We need the stoichiometric equation............and get #pH~=9.#

Explanation:

#HONH_2(aq) + H_2O(l) rightleftharpoonsHONH_3^+ + HO^-#

And then we write the equilibrium expression:

#K_b=10^-8=([HONH_3^+][HO^-])/([HONH_2])#,

And we make the usual approximations, and invoke #x# as the moles of hydroxylamine that associate,

#K_b=x^2/(0.024-x)#

And if #"0.024>>>"x#, then #x~=sqrt(K_bxx0.024)#

i.e. #x~=sqrt(10^-8xx0.024)#

#x_1=1.55xx10^-5*mol*L^-1#, which is indeed small compared to #0.024#, but let us recycle that value back into the equation......

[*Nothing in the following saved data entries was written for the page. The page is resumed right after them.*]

lemma lead_coeff_prod_linear: "lead_coeff (\<Prod>i\<in>S. [:c i, 1:] :: 'a::idom poly) = 1"
  by (simp add: lead_coeff_prod)

lemma degree_esym_poly_le: "degree (esym_poly r A k) \<le> k"
  unfolding esym_poly_def
  by (cases "finite {S. S \<subseteq> A \<and> card S = k}") (auto intro!: degree_sum_le simp: degree_prod_linear)

lemma coeff_esym_poly:
  assumes "finite A"
  shows "coeff (esym_poly r A k) k = of_nat (card A choose k)"
proof -
  have "coeff (esym_poly r A k) k = (\<Sum>S\<in>{S. S \<subseteq> A \<and> card S = k}. 1)"
    unfolding esym_poly_def coeff_sum
  proof (intro sum.cong refl)
    fix S assume "S \<in> {S. S \<subseteq> A \<and> card S = k}"
    then have "degree (\<Prod>i\<in>S. [:r i, 1:]) = k" by (simp add: degree_prod_linear)
    then show "coeff (\<Prod>i\<in>S. [:r i, 1:]) k = 1"
      using lead_coeff_prod_linear[of r S] by simp
  qed
  then show ?thesis by (simp add: n_subsets[OF assms])
qed

lemma degree_esym_poly:
  assumes "finite A" "k \<le> card A"
  shows "degree (esym_poly r A k) = k"
proof (rule antisym)
  show "degree (esym_poly r A k) \<le> k" by (rule degree_esym_poly_le)
  have "coeff (esym_poly r A k) k \<noteq> 0" using assms by (simp add: coeff_esym_poly)
  then show "k \<le> degree (esym_poly r A k)" by (rule le_degree)
qed

lemma only_real_roots_esym_poly:
  assumes "finite A" "k \<le> card A"
  shows "only_real_roots (esym_poly r A k)"
  using assms(2)
proof (induction k rule: inc_induct)
  case base
  show ?case using assms(1) by (simp add: esym_poly_card only_real_roots_prod_linear)
next
  case (step k)
  have "only_real_roots (pderiv (esym_poly r A (Suc k)))"
    using step assms(1) by (intro only_real_roots_pderiv) (simp_all add: degree_esym_poly)
  with step show ?case
    by (simp add: pderiv_esym_poly[OF assms(1)] only_real_roots_smult_iff)
qed

lemma alternating_sum_esym_poly_insert:
  assumes "finite A" "a \<notin> A"
  shows "(\<Sum>j<Suc m. smult ((-1) ^ j) (esym_poly r (insert a A) (m - j) * [:r a, 1:] ^ j)) =
         esym_poly r A m"
proof (induction m)
  case 0
  then show ?case using assms by simp
next
  case (Suc m)
  let ?x = "[:r a, 1:]"
  have "(\<Sum>j<Suc (Suc m). smult ((-1) ^ j) (esym_poly r (insert a A) (Suc m - j) * ?x ^ j))
      = esym_poly r (insert a A) (Suc m) +
        (\<Sum>j<Suc m. smult ((-1) ^ Suc j) (esym_poly r (insert a A) (m - j) * ?x ^ Suc j))"
    by (subst sum.lessThan_Suc_shift) simp
  also have "(\<Sum>j<Suc m. smult ((-1) ^ Suc j) (esym_poly r (insert a A) (m - j) * ?x ^ Suc j))
      = - (?x * (\<Sum>j<Suc m. smult ((-1) ^ j) (esym_poly r (insert a A) (m - j) * ?x ^ j)))"
    by (simp add: sum_distrib_left sum_negf[symmetric] algebra_simps)
  also have "\<dots> = - (?x * esym_poly r A m)"
    using Suc by simp
  finally show ?case
    using esym_poly_insert[OF assms] by simp
qed

lemma q_poly_eq_esym_poly:
  assumes "i \<in> {1..n}" "k \<ge> 1"
  shows "q_poly r n i k = esym_poly r ({1..n} - {i}) (k - 1)"
proof -
  have "{1..n} = insert i ({1..n} - {i})" using assms(1) by blast
  then show ?thesis
    using alternating_sum_esym_poly_insert[where A="{1..n} - {i}" and a=i and m="k - 1"] assms(2)
    by (simp add: q_poly_def sigma_poly_eq_esym_poly)
qed

theorem lemma2p7:
  fixes r :: "nat \<Rightarrow> real" and n i k :: nat
  assumes "1 \<le> i" "i \<le> n" "1 \<le> k" "k \<le> n"
  shows "degree (sigma_poly r n k) = k \<and> only_real_roots (sigma_poly r n k) \<and>
         degree (q_poly r n i k) = k - 1 \<and> only_real_roots (q_poly r n i k)"
proof -
  have q: "q_poly r n i k = esym_poly r ({1..n} - {i}) (k - 1)"
    using assms by (intro q_poly_eq_esym_poly) auto
  have "k - 1 \<le> card ({1..n} - {i})"
    using assms by simp
  then show ?thesis
    using assms unfolding q sigma_poly_eq_esym_poly
    by (simp add: degree_esym_poly only_real_roots_esym_poly)
qed

end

#x_2=1.55xx10^-5*mol*L^-1#,

So, from the equilibrium expression, we now know #x=[HO^-]=1.55xx10^-5*mol*L^-1#.

How does this help us, as we were asked to measure #pH#?

Well in aqueous solution under standard condtions, #pH+pOH=14#, thus #pH=14-pOH=14+log_10{1.55xx10^-5}~=9#. This is slightly basic, as we would expect for a weak Bronsted base.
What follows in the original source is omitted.